Marilyn Newsome did pursue those damages on Victoria’s behalf in this action, but to no avail—at least with respect to claims she asserted against the judges. (The complaint accused the judges of conspiracy, fraud, inflicting emotional distress, and violating her civil rights under 42 U.S.C. § 1983; and it accused McNulty of many of those same torts as well as malpractice and fiduciary breaches).
The court said judicial immunity insulated Walker and Shoemake from civil liability—and that both men had already “experienced '[t]he primary remedy available” for judicial misconduct, a complaint filed with the performance commission.
Justice Leslie D. King, who dissented in part from the court’s refusal to order restitution in Shoemake’s judicial performance case, concurred in the finding “that judicial immunity applies” to this civil action but wrote separately to express the same concern he raised in his prior dissent.
“If this Court is going to dismiss cases based on judicial immunity, offering the alternative remedy of a complaint with the Commission, we need to actually provide a such a remedy in judicial performance cases,” King wrote. “In this case, we did not.”
Judicial immunity traces its roots to medieval Europe, where it was recognized to discourage litigants from attacking court rulings by suing judges.

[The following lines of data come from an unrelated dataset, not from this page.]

lemma sum_psup_off_surface_le:
  assumes "finite X" "finite \<Lambda>"
    and layers: "\<And>n. n \<ge> 1 \<Longrightarrow> card (innerR (gdist E) X (n + 1) - innerR (gdist E) X n)
        \<le> card (innerR (gdist E) X n - innerR (gdist E) X (n - 1))"
  shows "(\<Sum>Z\<in>{Z. Z \<subseteq> \<Lambda> \<and> Z \<inter> X \<noteq> {} \<and> Z \<inter> (\<Lambda> - X) \<noteq> {} \<and> \<not> Z \<subseteq> bdryR (gdist E) X \<rho>}. psup T \<Psi> Z)
    \<le> 2 * real (card (bdry (gdist E) X)) * normPsi T F \<xi> (gdist E) \<Psi> * normF F (gdist E) * zeta \<xi> \<rho>"
    (is "(\<Sum>Z\<in>?D. _) \<le> 2 * real ?c * ?N * ?nF * ?\<zeta>")
proof -
  define depth where "depth x = the_enat (setdist (gdist E) x (-X))" for x
  define X\<^sub>1 where "X\<^sub>1 = {z\<in>X. enat \<rho> < setdist (gdist E) z (-X)}"
  define X\<^sub>2 where "X\<^sub>2 = {z\<in>\<Lambda> - X. enat \<rho> < setdist (gdist E) z X}"
  define w where "w q = (\<Sum>Z\<in>{Z\<in>?D. fst q \<in> Z \<and> snd q \<in> Z}. psup T \<Psi> Z)" for q
  have fin_D: "finite ?D" and fin_Z: "\<And>Z. Z \<in> ?D \<Longrightarrow> finite Z"
    using \<open>finite \<Lambda>\<close> by (auto intro: finite_subset[of _ "Pow \<Lambda>"] finite_subset)
  have fin: "finite X\<^sub>1" "finite X\<^sub>2"
    using assms(1,2) by (simp_all add: X\<^sub>1_def X\<^sub>2_def)
  have w_le: "w q \<le> ?N * Fxi F \<xi> (real (gdist E (fst q) (snd q)))" for q
    unfolding w_def using sum_psup_containing_le[OF fin_D fin_Z] by simp
  have w_nonneg: "0 \<le> w q" for q
    unfolding w_def using fin_Z by (auto intro!: sum_nonneg psup_nonneg)
  have depth: "setdist (gdist E) x (-X) = enat (depth x)" "1 \<le> depth x" if "x \<in> X" and out: "\<not> \<Lambda> \<subseteq> X" for x
  proof -
    obtain y where "y \<in> -X" using out by blast
    then show "setdist (gdist E) x (-X) = enat (depth x)"
      using setdist_le[of y "-X" "gdist E" x] unfolding depth_def by (cases "setdist (gdist E) x (-X)") auto
    moreover have "enat 1 \<le> setdist (gdist E) x (-X)"
      using that(1) gdist_eq_0_iff[OF graph] by (intro le_setdist) (metis ComplD less_one not_le)
    ultimately show "1 \<le> depth x" by simp
  qed
  have fibres: "card {x\<in>A. depth x = n} \<le> ?c" if "A \<subseteq> X" "\<not> \<Lambda> \<subseteq> X" for A n
  proof (cases "n \<ge> 1")
    case True
    have "{x\<in>A. depth x = n} \<subseteq> {x. setdist (gdist E) x (-X) = enat n}"
      using that depth by auto
    then show ?thesis
      using card_layer_le_card_bdry[of "gdist E", OF gdist_self assms(1) layers True]
        layer_subset[of "gdist E", OF gdist_self True] assms(1)
      by (meson card_mono finite_subset order.trans)
  next
    case False
    with that depth have "{x\<in>A. depth x = n} = {}" by fastforce
    then show ?thesis by (metis card.empty le0)
  qed
  have "(\<Sum>Z\<in>?D. psup T \<Psi> Z) \<le> (\<Sum>q\<in>X\<^sub>1 \<times> (\<Lambda> - X) \<union> X \<times> X\<^sub>2. w q)"
    unfolding w_def
  proof (rule sum_le_sum_covering_pairs)
    fix Z assume "Z \<in> ?D"
    then obtain a b where "(a, b) \<in> X\<^sub>1 \<times> (\<Lambda> - X) \<union> X \<times> X\<^sub>2" "a \<in> Z" "b \<in> Z"
      using off_surface_contains_far_pair[of "gdist E", OF gdist_self, of Z \<Lambda> X \<rho>]
      unfolding X\<^sub>1_def X\<^sub>2_def by blast
    then show "\<exists>q\<in>X\<^sub>1 \<times> (\<Lambda> - X) \<union> X \<times> X\<^sub>2. fst q \<in> Z \<and> snd q \<in> Z" by force
  qed (use fin assms(1,2) fin_D fin_Z psup_nonneg in auto)
  also have "\<dots> \<le> (\<Sum>q\<in>X\<^sub>1 \<times> (\<Lambda> - X). w q) + (\<Sum>q\<in>X \<times> X\<^sub>2. w q)"
    using fin assms(1,2) w_nonneg by (simp add: sum_Un sum_nonneg)
  also have "\<dots> \<le> ?N * (\<Sum>(x, y)\<in>X\<^sub>1 \<times> (\<Lambda> - X). Fxi F \<xi> (real (gdist E x y)))
      + ?N * (\<Sum>(x, z)\<in>X \<times> X\<^sub>2. Fxi F \<xi> (real (gdist E x z)))"
    unfolding sum_distrib_left case_prod_beta using w_le
    by (intro add_mono sum_mono) auto
  also have "\<dots> \<le> ?N * (real ?c * ?nF * ?\<zeta>) + ?N * (real ?c * ?nF * ?\<zeta>)"
  proof (cases "\<Lambda> \<subseteq> X")
    case True
    then have empty: "X\<^sub>2 = {}" "\<Lambda> - X = {}" by (auto simp: X\<^sub>2_def)
    show ?thesis using normPsi_nonneg normF_nonneg zeta_nonneg by (simp add: empty)
  next
    case False
    have "(\<Sum>(x, y)\<in>X\<^sub>1 \<times> (\<Lambda> - X). Fxi F \<xi> (real (gdist E x y))) \<le> real ?c * ?nF * ?\<zeta>"
    proof (rule sum_Fxi_pairs_le[where g = depth and k = 0])
      show "depth x + 0 \<le> gdist E x y" if "x \<in> X\<^sub>1" "y \<in> \<Lambda> - X" for x y
        using that depth[OF _ False, of x] setdist_le[of y "-X" "gdist E" x] by (simp add: X\<^sub>1_def)
      show "\<rho> < depth x + 0" if "x \<in> X\<^sub>1" for x
        using that depth[OF _ False, of x] by (simp add: X\<^sub>1_def)
    qed (use fin assms(2) fibres[OF _ False, of X\<^sub>1] in \<open>auto simp: X\<^sub>1_def\<close>)
    moreover have "(\<Sum>(x, z)\<in>X \<times> X\<^sub>2. Fxi F \<xi> (real (gdist E x z))) \<le> real ?c * ?nF * ?\<zeta>"
    proof (rule sum_Fxi_pairs_le[where g = depth and k = \<rho>])
      show "depth x + \<rho> \<le> gdist E x z" if "x \<in> X" "z \<in> X\<^sub>2" for x z
      proof -
        have "enat (Suc \<rho>) \<le> setdist (gdist E) z X"
          using that(2) by (simp add: X\<^sub>2_def Suc_ile_eq)
        then have "enat (depth x) + enat (Suc \<rho>) \<le> enat (depth x) + setdist (gdist E) z X"
          by (rule add_left_mono)
        also have "\<dots> \<le> enat (gdist E x z) + 1"
          using that setdist_compl_add_setdist_le[OF graph, of x X z] depth[OF _ False, of x]
          by (simp add: X\<^sub>2_def)
        finally show ?thesis by (simp add: one_enat_def)
      qed
      show "\<rho> < depth x + \<rho>" if "x \<in> X" for x
        using depth[OF that False] by simp
    qed (use fin assms(1) fibres[OF _ False] in auto)
    ultimately show ?thesis using normPsi_nonneg by (intro add_mono mult_left_mono)
  qed
  finally show ?thesis by (simp add: algebra_simps)
qed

As early as 1872, the U.S. Supreme Court recognized the principle that judges should “be free to act upon [their] own convictions, without apprehension of personal consequences” for their decisions. In a frequently cited 1978 decision, the high court held that the doctrine precluded a lawsuit against a judge who approved a mother’s petition to have her “somewhat retarded” minor daughter sterlized.
Newsome argued in her briefs that the doctrine “was not created in order to provide protection to corrupt judges who use the law for their personal gain or to take financial advantage of a ward and disabled person.”
The U.S. Supreme Court has delineating the bounds of the doctrine in a series of cases, holding that immunity will not apply to (1) “non-judicial actions,” or (2) acts taken “in the clear absence of all jurisdiction.”
Newsome argued that the actions of Walker and Shoemake fell within those exceptions—and she went further by asking that the court “review the doctrine of judicial immunity de novo” if it concluded the judges were covered.
In their briefs, the defendants said that was a short-sighted argument. Walker said the “importance of judicial immunity extends beyond its application to this suit and to this judge,” and Shoemake said Newsome’s request that the court “refashion” the doctrine was “inappropriate.”
Walker further asserted that the doctrine “protects the righteous as well as the dishonest,” and Shoemake contended that “immunity from suit is so absolute that it cannot be defeated by an allegation that the judge acted in a malicious, corrupt, or patently erroneous manner—or even pursuant to a conspiracy.”
The justices sided with the defendants, concluding that the doctrine clearly applied to their conduct.
Newsome also appealed a trial court order that denied her motion to disqualify the Mississippi Attorney General’s Office, which represented Shoemake in this matter because of his status as a sitting judge.
Newsome said the AG is tasked with prosecuting those who “exploit vulnerable persons,” and she argued that if the AG had investigated this matter, it represented her and was thus precluded from representing her adversary under Mississippi Rule of Professional Conduct 1.9 (duties to former clients).
The court disagreed. “Representation of Judge Shoemake as a public official was within the authority of the Attorney General,” it said. “Victoria Newsome was never and could never be a ‘client’ of the Attorney General as contemplated by the Mississippi Rules of Professional Conduct, since prosecution of cases is solely in the name of the State of Mississippi.”
The Stubbs Law Firm PLLC represented Newsome.